During the first-ever Negro History Week, historian Carter G. Woodson said: "If a race has no history, if it has no worthwhile tradition, it becomes a negligible factor in the thought of the world, and it stands in danger of being exterminated."
Those words echo the problems we face today regarding the teaching of black history. And as bleak as they may sound, Woodson's words emphasize why he wanted people to learn it in the first place.
Newsy's Casey Mendoza: "What are the biggest benefits of having students understand this, or having teachers understand this?"
LaGarrett King: "A better society. And the reason why I said a better society is that a lot of people point to, kind of recently, the racial tensions, and they sort of kind of blame what's going on in the government, and ... not really realizing that these particular tensions have always been prevalent within society, right?
"I think learning the histories of black people will give other people an understanding of why these particular people are fighting for what they are fighting for."

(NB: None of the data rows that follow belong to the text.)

definition h_inv :: "('s,'a) gpath \<Rightarrow> ('s,'a) hpath" where
  "h_inv \<rho> = (fst \<rho>, map (\<lambda>(a,u,l). (a,l)) (snd \<rho>))"

lemma h_inv_h: "h_inv (h \<rho>) = \<rho>"
  by (cases \<rho>) (auto simp: h_inv_def h_def case_prod_beta intro!: map_idI)

lemma h_h_inv: "h (h_inv \<rho>) = \<rho>"
  by (cases \<rho>) (auto simp: h_inv_def h_def case_prod_beta prod_eq_iff intro!: map_idI)

lemma inv_h_eq_h_inv: "inv h = h_inv"
proof
  fix \<rho>
  have "inj h" by (rule inj_on_inverseI[where g = h_inv]) (simp add: h_inv_h)
  then show "inv h \<rho> = h_inv \<rho>" by (rule inv_f_eq) (simp add: h_h_inv)
qed

lemma obs_seq_h_inv:
  "obs_seq Obs (h_inv \<rho>) = (hd (map (obs Obs) (locs \<rho>)),
     zip (map fst (letters \<rho>)) (tl (map (obs Obs) (locs \<rho>))))"
  by (simp add: obs_seq_def h_inv_def locs_def letters_def zip_map_map zip_same_conv_map
      case_prod_beta comp_def)

lemma obs_seq_h_inv_eq_if_ObsSeq_nonzero:
  assumes "\<rho>' \<in> ActMt \<rho>" and "ObsSeq (pomdp_game_un Obs) \<rho> \<rho>' \<noteq> 0"
  shows "obs_seq Obs (h_inv \<rho>') = obs_seq Obs (h_inv \<rho>)"
proof -
  have len: "length (snd \<rho>') = length (snd \<rho>)" and letters: "letters \<rho>' = letters \<rho>"
    using assms(1) by (auto simp: ActMt_def)
  have "pomdp_game_un Obs (locs \<rho> ! j) (locs \<rho>' ! j) \<noteq> 0" if "j \<le> length (snd \<rho>)" for j
    using assms(2) that len letters by (simp add: ObsSeq_def)
  then have obs_eq: "obs Obs (locs \<rho>' ! j) = obs Obs (locs \<rho> ! j)" if "j \<le> length (snd \<rho>)" for j
    using that unfolding pomdp_game_un_def by (metis (full_types))
  have "length (locs \<rho>') = length (locs \<rho>)" "length (locs \<rho>) = Suc (length (snd \<rho>))"
    using len by (simp_all add: locs_def)
  then have "map (obs Obs) (locs \<rho>') = map (obs Obs) (locs \<rho>)"
    by (intro nth_equalityI) (simp_all add: obs_eq less_Suc_eq_le)
  then show ?thesis using letters by (simp only: obs_seq_h_inv)
qed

Decades after Woodson, experts like Professor LaGarrett King can't stress enough how important history is when dealing with long-standing problems like police brutality, voter suppression and racial harassment. Oftentimes, when issues like these are discussed today, they're isolated from historical context and misunderstood as a result.

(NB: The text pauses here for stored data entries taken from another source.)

lemma spanning_tree_Diff_edge_reaches:
  assumes "is_spanning_tree X E" "{s, t} \<in> E" "v \<in> X"
  shows "(s, v) \<in> (edge_rel (E - {{s, t}}))\<^sup>* \<or> (t, v) \<in> (edge_rel (E - {{s, t}}))\<^sup>*"
proof -
  have "s \<in> X"
    using assms(1,2) unfolding is_spanning_tree_def by (auto simp: doubleton_in_edges_on_iff)
  then have "(s, v) \<in> (edge_rel E)\<^sup>*"
    using assms(1,3) unfolding is_spanning_tree_def by blast
  then show ?thesis
  proof (induction rule: rtrancl_induct)
    case (step y z)
    then show ?case
      by (cases "{y, z} = {s, t}") (auto simp: doubleton_eq_iff intro: rtrancl_into_rtrancl)
  qed simp
qed

lemma spanning_tree_exchange:
  assumes "finite X" "is_spanning_tree X E" "{s, t} \<in> E" "{a, b} \<in> edges_on X" "{a, b} \<noteq> {s, t}"
    and "(s, a) \<in> (edge_rel (E - {{s, t}}))\<^sup>*" "(s, b) \<notin> (edge_rel (E - {{s, t}}))\<^sup>*"
  shows "is_spanning_tree X (insert {a, b} (E - {{s, t}}))" "{a, b} \<notin> E"
proof -
  define E0 where "E0 = E - {{s, t}}"
  define E' where "E' = insert {a, b} E0"
  have reach: "(s, v) \<in> (edge_rel E0)\<^sup>* \<or> (t, v) \<in> (edge_rel E0)\<^sup>*" if "v \<in> X" for v
    using spanning_tree_Diff_edge_reaches[OF assms(2,3) that] unfolding E0_def .
  have "{a, b} \<notin> E0"
  proof
    assume "{a, b} \<in> E0"
    then have "(s, b) \<in> (edge_rel E0)\<^sup>*"
      using assms(6) unfolding E0_def by (metis edge_rel_iff rtrancl_into_rtrancl)
    then show False
      using assms(7) unfolding E0_def by blast
  qed
  then show "{a, b} \<notin> E"
    using assms(5) unfolding E0_def by blast
  have mono: "(edge_rel E0)\<^sup>* \<subseteq> (edge_rel E')\<^sup>*"
    unfolding E'_def by (intro rtrancl_edge_rel_mono) blast
  have "(s, b) \<in> (edge_rel E')\<^sup>*"
    using assms(6) mono rtrancl_into_rtrancl[of s a "edge_rel E'" b]
    unfolding E'_def E0_def by auto
  moreover have "(t, b) \<in> (edge_rel E')\<^sup>*"
    using reach[of b] assms(4,7) mono unfolding E0_def by (auto simp: doubleton_in_edges_on_iff)
  ultimately have "(s, t) \<in> (edge_rel E')\<^sup>*"
    by (meson rtrancl_edge_rel_sym rtrancl_trans)
  then have from_s: "(s, v) \<in> (edge_rel E')\<^sup>*" if "v \<in> X" for v
    using reach[OF that] mono by (meson rtrancl_trans subsetD)
  have "finite E"
    using assms(1,2) by (rule finite_spanning_tree_edges)
  then have "card E' = Suc (card E0)"
    using \<open>{a, b} \<notin> E0\<close> unfolding E'_def E0_def by simp
  also have "\<dots> = card E"
    using card_Suc_Diff1[OF \<open>finite E\<close> assms(3)] unfolding E0_def .
  finally have "card E' = card E" .
  moreover have "E' \<subseteq> edges_on X"
    using assms(2,4) unfolding E'_def E0_def is_spanning_tree_def by blast
  ultimately show "is_spanning_tree X (insert {a, b} (E - {{s, t}}))"
    using assms(2) from_s rtrancl_edge_rel_sym rtrancl_trans
    unfolding is_spanning_tree_def E'_def E0_def by metis
qed

lemma is_MST_MST: "\<exists>!E. is_MST X E \<Longrightarrow> is_MST X (MST X)"
  unfolding MST_def by (rule theI')

lemma MST_unique: "\<exists>!E. is_MST X E \<Longrightarrow> is_MST X E \<Longrightarrow> E = MST X"
  using is_MST_MST by blast

lemma MST_subset_edges_on:
  assumes "\<exists>!E. is_MST X E"
  shows "MST X \<subseteq> edges_on X"
  using is_MST_MST[OF assms] unfolding is_MST_def is_spanning_tree_def by blast

definition no_longer_edges :: "point set \<Rightarrow> point \<Rightarrow> point \<Rightarrow> point set set" where
  "no_longer_edges X s t = {f \<in> edges_on X - {{s, t}}. edge_len f \<le> dist s t}"

lemma MST_cycle_property:
  assumes "finite X" "\<exists>!E. is_MST X E" "{s, t} \<in> MST X"
  shows "(s, t) \<notin> (edge_rel (no_longer_edges X s t))\<^sup>*"
proof
  define E0 where "E0 = MST X - {{s, t}}"
  define A where "A = (edge_rel E0)\<^sup>* `` {s}"
  have mst: "is_MST X (MST X)" and tree: "is_spanning_tree X (MST X)"
    using is_MST_MST[OF assms(2)] unfolding is_MST_def by auto
  assume "(s, t) \<in> (edge_rel (no_longer_edges X s t))\<^sup>*"
  moreover have "s \<in> A" "t \<notin> A"
    using spanning_tree_Diff_edge_disconnected[OF assms(1) tree assms(3)] unfolding A_def E0_def by auto
  ultimately obtain a b where ab: "{a, b} \<in> edges_on X" "{a, b} \<noteq> {s, t}" "dist a b \<le> dist s t"
    and "a \<in> A" "b \<notin> A"
    by (elim rtrancl_exits_set) (auto simp: no_longer_edges_def edge_len_pair)
  then have sa: "(s, a) \<in> (edge_rel E0)\<^sup>*" and sb: "(s, b) \<notin> (edge_rel E0)\<^sup>*"
    unfolding A_def by auto
  define E' where "E' = insert {a, b} E0"
  have tree': "is_spanning_tree X E'" and "{a, b} \<notin> MST X"
    using spanning_tree_exchange[OF assms(1) tree assms(3) ab(1,2)] sa sb
    unfolding E'_def E0_def by auto
  have "finite E0"
    using finite_spanning_tree_edges[OF assms(1) tree] unfolding E0_def by blast
  then have "weight E' = dist a b + weight E0"
    using \<open>{a, b} \<notin> MST X\<close> unfolding weight_def E'_def E0_def by (simp add: edge_len_pair)
  moreover have "weight (MST X) = dist s t + weight E0"
    using finite_spanning_tree_edges[OF assms(1) tree] assms(3)
    unfolding weight_def E0_def by (simp add: sum.remove edge_len_pair)
  ultimately have "is_MST X E'"
    using mst tree' ab(3) unfolding is_MST_def by fastforce
  then have "E' = MST X"
    using assms(2) by (rule MST_unique[rotated])
  then show False
    using \<open>{a, b} \<notin> MST X\<close> unfolding E'_def by blast
qed

section \<open>Nearly parallel segments\<close>

lemma diff_eq_dist_scaleR_sgn: "t - s = dist s t *\<^sub>R sgn (t - s)"
  for s t :: "'a::real_normed_vector"
  by (cases "s = t") (simp_all add: sgn_div_norm dist_norm norm_minus_commute)

lemma closed_segment_eq_halves:
  fixes s t :: "'a::euclidean_space"
  shows "closed_segment s t = closed_segment s (midpoint s t) \<union> closed_segment t (midpoint s t)"
  by (metis Un_closed_segment closed_segment_commute midpoint_in_closed_segment)

lemma in_first_half_segmentE:
  fixes s t x :: "'a::real_normed_vector"
  assumes "x \<in> closed_segment s (midpoint s t)"
  obtains a where "0 \<le> a" "a \<le> dist s t / 2" "x = s + a *\<^sub>R sgn (t - s)"
proof -
  obtain u where u: "0 \<le> u" "u \<le> 1" "x = (1 - u) *\<^sub>R s + u *\<^sub>R midpoint s t"
    using assms unfolding in_segment by blast
  have "x = s + (u / 2) *\<^sub>R (t - s)"
    unfolding u(3) midpoint_def by (simp add: algebra_simps flip: scaleR_add_left)
  also have "\<dots> = s + (u / 2 * dist s t) *\<^sub>R sgn (t - s)"
    by (subst diff_eq_dist_scaleR_sgn) simp
  finally have "x = s + (u / 2 * dist s t) *\<^sub>R sgn (t - s)" .
  moreover have "u * dist s t \<le> dist s t"
    using u(1,2) by (intro mult_left_le_one_le) simp_all
  ultimately show ?thesis
    using u(1) that[of "u / 2 * dist s t"] by simp
qed

lemma dist_along_unit_vector_le:
  fixes s u e :: "'a::real_normed_vector"
  assumes "norm u = 1"
  shows "dist (s + r *\<^sub>R u + e) (s + r' *\<^sub>R u) \<le> \<bar>r - r'\<bar> + norm e"
proof -
  have "dist (s + r *\<^sub>R u + e) (s + r' *\<^sub>R u) = norm ((r - r') *\<^sub>R u + e)"
    by (simp add: dist_norm algebra_simps)
  also have "\<dots> \<le> norm ((r - r') *\<^sub>R u) + norm e"
    by (rule norm_triangle_ineq)
  finally show ?thesis
    using assms by simp
qed

lemma nearly_parallel_half_segments_coordinates:
  fixes s1 t1 s2 t2 x1 x2 :: "'a::real_normed_vector"
  assumes "s1 \<noteq> t1" "dist s1 t1 \<le> dist s2 t2"
    and "x1 \<in> closed_segment s1 (midpoint s1 t1)" "x2 \<in> closed_segment s2 (midpoint s2 t2)"
    and "dist x1 x2 \<le> dist s1 t1 / 100" "dist (sgn (t1 - s1)) (sgn (t2 - s2)) \<le> 1 / 100"
  obtains \<sigma> es et where "s1 = s2 + \<sigma> *\<^sub>R sgn (t2 - s2) + es"
    "t1 = s2 + (\<sigma> + dist s1 t1) *\<^sub>R sgn (t2 - s2) + et"
    "- dist s1 t1 / 2 \<le> \<sigma>" "\<sigma> \<le> dist s2 t2 / 2"
    "norm es \<le> 3 * dist s1 t1 / 200" "norm et \<le> dist s1 t1 / 40"
proof -
  define L1 L2 u1 u2
    where "L1 = dist s1 t1" and "L2 = dist s2 t2" and "u1 = sgn (t1 - s1)" and "u2 = sgn (t2 - s2)"
  obtain a1 where a1: "0 \<le> a1" "a1 \<le> L1 / 2" "x1 = s1 + a1 *\<^sub>R u1"
    using in_first_half_segmentE[OF assms(3)] unfolding L1_def u1_def by blast
  obtain a2 where a2: "0 \<le> a2" "a2 \<le> L2 / 2" "x2 = s2 + a2 *\<^sub>R u2"
    using in_first_half_segmentE[OF assms(4)] unfolding L2_def u2_def by blast
  have "0 < L1"
    using assms(1) unfolding L1_def by simp
  have du: "norm (u1 - u2) \<le> 1 / 100"
    using assms(6) unfolding u1_def u2_def dist_norm .
  define \<sigma> es et
    where "\<sigma> = a2 - a1" and "es = s1 - (s2 + \<sigma> *\<^sub>R u2)" and "et = t1 - (s2 + (\<sigma> + L1) *\<^sub>R u2)"
  have "es = (x1 - x2) - a1 *\<^sub>R (u1 - u2)"
    unfolding es_def \<sigma>_def a1(3) a2(3) by (simp add: algebra_simps)
  moreover have "a1 * norm (u1 - u2) \<le> L1 / 2 * (1 / 100)"
    using a1(1,2) du by (intro mult_mono) simp_all
  ultimately have es: "norm es \<le> 3 * L1 / 200"
    using norm_triangle_ineq4[of "x1 - x2" "a1 *\<^sub>R (u1 - u2)"] assms(5) a1(1)
    unfolding L1_def dist_norm by simp
  have "norm (L1 *\<^sub>R (u1 - u2)) = L1 * norm (u1 - u2)"
    using \<open>0 < L1\<close> by simp
  also have "\<dots> \<le> L1 * (1 / 100)"
    using \<open>0 < L1\<close> du by (intro mult_left_mono) simp_all
  finally have "norm (L1 *\<^sub>R (u1 - u2)) \<le> L1 / 100"
    by simp
  moreover have "t1 = s1 + L1 *\<^sub>R u1"
    unfolding L1_def u1_def by (simp flip: diff_eq_dist_scaleR_sgn)
  then have "et = es + L1 *\<^sub>R (u1 - u2)"
    unfolding et_def es_def by (simp add: algebra_simps)
  then have "norm et \<le> norm es + norm (L1 *\<^sub>R (u1 - u2))"
    by (simp only: norm_triangle_ineq)
  ultimately have "norm et \<le> L1 / 40"
    using es by linarith
  moreover have "- L1 / 2 \<le> \<sigma>" "\<sigma> \<le> L2 / 2"
    using a1 a2 unfolding \<sigma>_def by linarith+
  moreover have "s1 = s2 + \<sigma> *\<^sub>R u2 + es" "t1 = s2 + (\<sigma> + L1) *\<^sub>R u2 + et"
    unfolding es_def et_def by simp_all
  ultimately show ?thesis
    using that es unfolding L1_def L2_def u2_def by blast
qed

"I think one of the biggest problems is that we have structured this 'black as enslaved' paradigm in our society. And there are severe implications to understanding black people as only enslaved, right? And one of those implications is this notion that black people did nothing for democracy.

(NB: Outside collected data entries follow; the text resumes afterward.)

lemma poly_gbinomial_expansion:
  fixes P :: "real poly"
  assumes "degree P \<le> K"
  obtains a where "\<And>x. poly P x = (\<Sum>i\<le>K. a i * (x gchoose i))"
  using assms
proof (induction K arbitrary: P thesis)
  case 0
  then obtain c where "P = [:c:]"
    by (metis degree_eq_zeroE le_zero_eq)
  then show ?case
    using "0.prems"(1)[of "\<lambda>_. c"] by simp
next
  case (Suc K)
  define d where "d = coeff P (Suc K) * fact (Suc K)"
  define Q where "Q = P - smult d (gbinomial_poly (Suc K))"
  have "degree Q \<le> Suc K"
    unfolding Q_def using Suc.prems(2) degree_smult_le[of d "gbinomial_poly (Suc K)"]
    by (intro degree_diff_le) auto
  moreover have "coeff Q (Suc K) = 0"
    by (simp add: Q_def d_def)
  ultimately have "degree Q \<le> K"
    by (metis degree_0 le_SucE leading_coeff_0_iff nat.distinct(1))
  then obtain b where b: "\<And>x. poly Q x = (\<Sum>i\<le>K. b i * (x gchoose i))"
    using Suc.IH by blast
  show ?case
  proof (rule Suc.prems(1))
    fix x
    have "poly P x = poly Q x + d * (x gchoose Suc K)"
      by (simp add: Q_def)
    then show "poly P x = (\<Sum>i\<le>Suc K. (b(Suc K := d)) i * (x gchoose i))"
      by (simp add: b)
  qed
qed

lemma poly_eq_if_eq_on_nat:
  fixes p q :: "real poly"
  assumes "\<And>n::nat. poly p (real n) = poly q (real n)"
  shows "p = q"
proof (rule ccontr)
  assume "p \<noteq> q"
  then have "finite {x. poly (p - q) x = 0}"
    by (intro poly_roots_finite) simp
  moreover have "range real \<subseteq> {x. poly (p - q) x = 0}"
    using assms by auto
  ultimately show False
    using finite_subset infinite_UNIV_char_0 finite_imageD inj_of_nat by blast
qed
lemma finperm_odd_relabel:
  assumes "odd_finperm q"
  shows "finperm (odd_relabel q)"
proof -
  obtain n where q: "q permutes {1..n}"
    using assms unfolding odd_finperm_def finperm_def by blast
  have "odd_relabel q permutes {1..n}"
  proof (rule inj_imp_permutes)
    show "inj_on (odd_relabel q) {1..n}"
      using inj_on_odd_relabel[OF assms] by (rule inj_on_subset) auto
    show "odd_relabel q i \<in> {1..n}" if i: "i \<in> {1..n}" for i
    proof (cases "2*i - 1 \<in> {1..n}")
      case True
      then have "q (2*i - 1) \<in> {1..n}"
        using permutes_in_image[OF q] by simp
      then show ?thesis
        using i by (auto simp: odd_relabel_def)
    next
      case False
      then have "q (2*i - 1) = 2*i - 1"
        using permutes_not_in[OF q] by simp
      then show ?thesis
        using i by (auto simp: odd_relabel_def)
    qed
    show "odd_relabel q i = i" if i: "i \<notin> {1..n}" for i
    proof (cases "i = 0")
      case False
      then have "2*i - 1 \<notin> {1..n}"
        using i by auto
      then have "q (2*i - 1) = 2*i - 1"
        using permutes_not_in[OF q] by simp
      then show ?thesis
        using False by (simp add: odd_relabel_def)
    qed (simp add: odd_relabel_def)
  qed simp
  then show ?thesis
    by (auto simp: finperm_def)
qed

lemma odd_relabel_comp:
  assumes "odd_finperm q2"
  shows "odd_relabel (q1 \<circ> q2) = odd_relabel q1 \<circ> odd_relabel q2"
proof
  fix i
  show "odd_relabel (q1 \<circ> q2) i = (odd_relabel q1 \<circ> odd_relabel q2) i"
  proof (cases "i = 0")
    case False
    then obtain m where "q2 (2*i - 1) = 2*m + 1"
      using odd_finperm_odd[OF assms, of "2*i - 1"] by (auto elim: oddE)
    then show ?thesis
      using False by (simp add: odd_relabel_def)
  qed (simp add: odd_relabel_def)
qed

lemma odd_relabel_tbeta:
  assumes "i \<ge> 1"
  shows "odd_relabel (tbeta i) = adj_transp i"
proof
  fix j
  consider "j = 0" | "j = i" | "j = Suc i" | "j \<noteq> 0" "j \<noteq> i" "j \<noteq> Suc i"
    by blast
  then show "odd_relabel (tbeta i) j = adj_transp i j"
  proof cases
    case 4
    then have "2*j - 1 \<noteq> 2*i - 1" "2*j - 1 \<noteq> 2*i + 1"
      using assms by auto
    then show ?thesis
      using 4 by (simp add: odd_relabel_def adj_transp_def tbeta_def)
  qed (use assms in \<open>simp_all add: odd_relabel_def adj_transp_def tbeta_def\<close>)
qed

abbreviation GX_grp :: "lmap monoid" where
  "GX_grp \<equiv> Wgrp\<lparr>carrier := GX\<rparr>"

lemma group_GX_grp: "group GX_grp"
  using group.subgroup_imp_group[OF group_Wgrp subgroup_genW[OF Xset_subset_W]] .

lemma GX_grp_simps [simp]: "carrier GX_grp = GX" "x \<otimes>\<^bsub>GX_grp\<^esub> y = x \<circ> y" "\<one>\<^bsub>GX_grp\<^esub> = id"
  by (simp_all add: Wgrp_def)

lemma GX_grp_pow: "x [^]\<^bsub>GX_grp\<^esub> (n::nat) = x ^^ n"
  by (induction n) (simp_all add: funpow_swap1)

lemma perm_act_funpow: "pos_preserving q \<Longrightarrow> perm_act q ^^ n = perm_act (q ^^ n)"
proof (induction n)
  case (Suc n)
  have "perm_act q ^^ Suc n = perm_act q \<circ> perm_act (q ^^ n)"
    using Suc by simp
  also have "\<dots> = perm_act (q ^^ n \<circ> q)"
    using perm_act_comp[OF Suc.prems] by simp
  finally show ?case
    by (simp only: funpow_Suc_right)
qed (simp add: perm_act_id)

lemma (in group) ord_eq_prime:
  assumes "x \<in> carrier G" "x \<noteq> \<one>" "x [^] p = \<one>" "Factorial_Ring.prime p"
  shows "ord x = p"
proof -
  have "ord x dvd p"
    using pow_eq_id[OF assms(1)] assms(3) by simp
  moreover have "ord x \<noteq> 1"
    using ord_eq_1[OF assms(1)] assms(2) by simp
  ultimately show ?thesis
    using assms(4) by (auto simp: prime_nat_iff)
qed

lemma transpose_chain_cube:
  assumes "a \<noteq> b" "a \<noteq> c" "b \<noteq> c"
  shows "(transpose b c \<circ> transpose a b) ^^ 3 = id"
proof
  fix x
  consider "x = a" | "x = b" | "x = c" | "x \<notin> {a, b, c}"
    by blast
  then show "((transpose b c \<circ> transpose a b) ^^ 3) x = id x"
    using assms by cases (simp_all add: numeral_3_eq_3 transpose_def)
qed

lemma disjoint_transpose_square:
  assumes "a \<noteq> c" "a \<noteq> d" "b \<noteq> c" "b \<noteq> d"
  shows "(transpose c d \<circ> transpose a b) ^^ 2 = id"
proof
  fix x
  consider "x = a" | "x = b" | "x = c" | "x = d" | "x \<notin> {a, b, c, d}"
    by blast
  then show "((transpose c d \<circ> transpose a b) ^^ 2) x = id x"
    using assms by cases (auto simp: numeral_2_eq_2 transpose_def)
qed

lemma tbeta_neighbour_cube:
  assumes "i \<ge> 1" "j \<ge> 1" "j = Suc i \<or> i = Suc j"
  shows "(tbeta j \<circ> tbeta i) ^^ 3 = id"
  using assms(3)
proof
  assume "j = Suc i"
  then have "tbeta i = transpose (2*i - 1) (2*i + 1)" "tbeta j = transpose (2*i + 1) (2*i + 3)"
    by (simp_all add: tbeta_def eval_nat_numeral)
  then show ?thesis
    using assms(1) transpose_chain_cube[of "2*i - 1" "2*i + 1" "2*i + 3"] by simp
next
  assume "i = Suc j"
  then have "tbeta i = transpose (2*j + 3) (2*j + 1)" "tbeta j = transpose (2*j + 1) (2*j - 1)"
    by (simp_all add: tbeta_def transpose_commute eval_nat_numeral)
  then show ?thesis
    using assms(2) transpose_chain_cube[of "2*j + 3" "2*j + 1" "2*j - 1"] by simp
qed

lemma tbeta_distant_square:
  assumes "i \<ge> 1" "j \<ge> 1" "Suc i < j \<or> Suc j < i"
  shows "(tbeta j \<circ> tbeta i) ^^ 2 = id"
  unfolding tbeta_def using assms by (intro disjoint_transpose_square) auto

lemma tbeta_comp_ne_id:
  assumes "i \<ge> 1" "i \<noteq> j"
  shows "tbeta j \<circ> tbeta i \<noteq> id"
proof
  assume "tbeta j \<circ> tbeta i = id"
  then have "tbeta j (tbeta i (2*i - 1)) = 2*i - 1"
    by (metis comp_apply id_apply)
  moreover have "tbeta i (2*i - 1) = 2*i + 1"
    by (simp add: tbeta_def)
  moreover have "tbeta j (2*i + 1) \<noteq> 2*i - 1"
    using assms by (auto simp: tbeta_def transpose_def)
  ultimately show False
    by simp
qed

lemma tbeta_invol: "tbeta i \<circ> tbeta i = id"
  by (simp add: tbeta_def)

lemma sref_beta_mult:
  "i \<ge> 1 \<Longrightarrow> j \<ge> 1 \<Longrightarrow> sref (beta i) \<circ> sref (beta j) = perm_act (tbeta j \<circ> tbeta i)"
  by (simp add: sref_beta perm_act_comp odd_finperm_pos_preserving odd_finperm_tbeta)

lemma sref_beta_mult_pow:
  "i \<ge> 1 \<Longrightarrow> j \<ge> 1 \<Longrightarrow>
    (sref (beta i) \<otimes>\<^bsub>GX_grp\<^esub> sref (beta j)) [^]\<^bsub>GX_grp\<^esub> (n::nat) =
      perm_act ((tbeta j \<circ> tbeta i) ^^ n)"
  by (simp add: GX_grp_pow sref_beta_mult perm_act_funpow pos_preserving_comp
      odd_finperm_pos_preserving odd_finperm_tbeta)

"So, if people feel that black people did nothing for democracy, and they were given their freedom, like a lot of historians wrote during the Progressive Era — if they were given their freedoms, those in the future that fight for rights, that fight for first-class citizenship, sometimes people would think that, 'Hey, they should be happy that they got their freedom, because we gave them their freedom, because they were slaves, right?' And that's a bit of a misnomer."
Other experts in the field agree that the "underacknowledgement" of black activists contributes to modern-day oppression. They say fixing those problematic narratives and recognizing the work of black leaders can empower black youth and ease the psychological impacts of present-day racial hostility.
Going back to the start of black history education's development, it's worth noting that supporting black students and teaching them their history was one of Carter G. Woodson's goals.
Emphasizing the need for black history education, the historian once said: "Those who have no record of what their forebears have accomplished lose the inspiration which comes from the teaching of biography and history."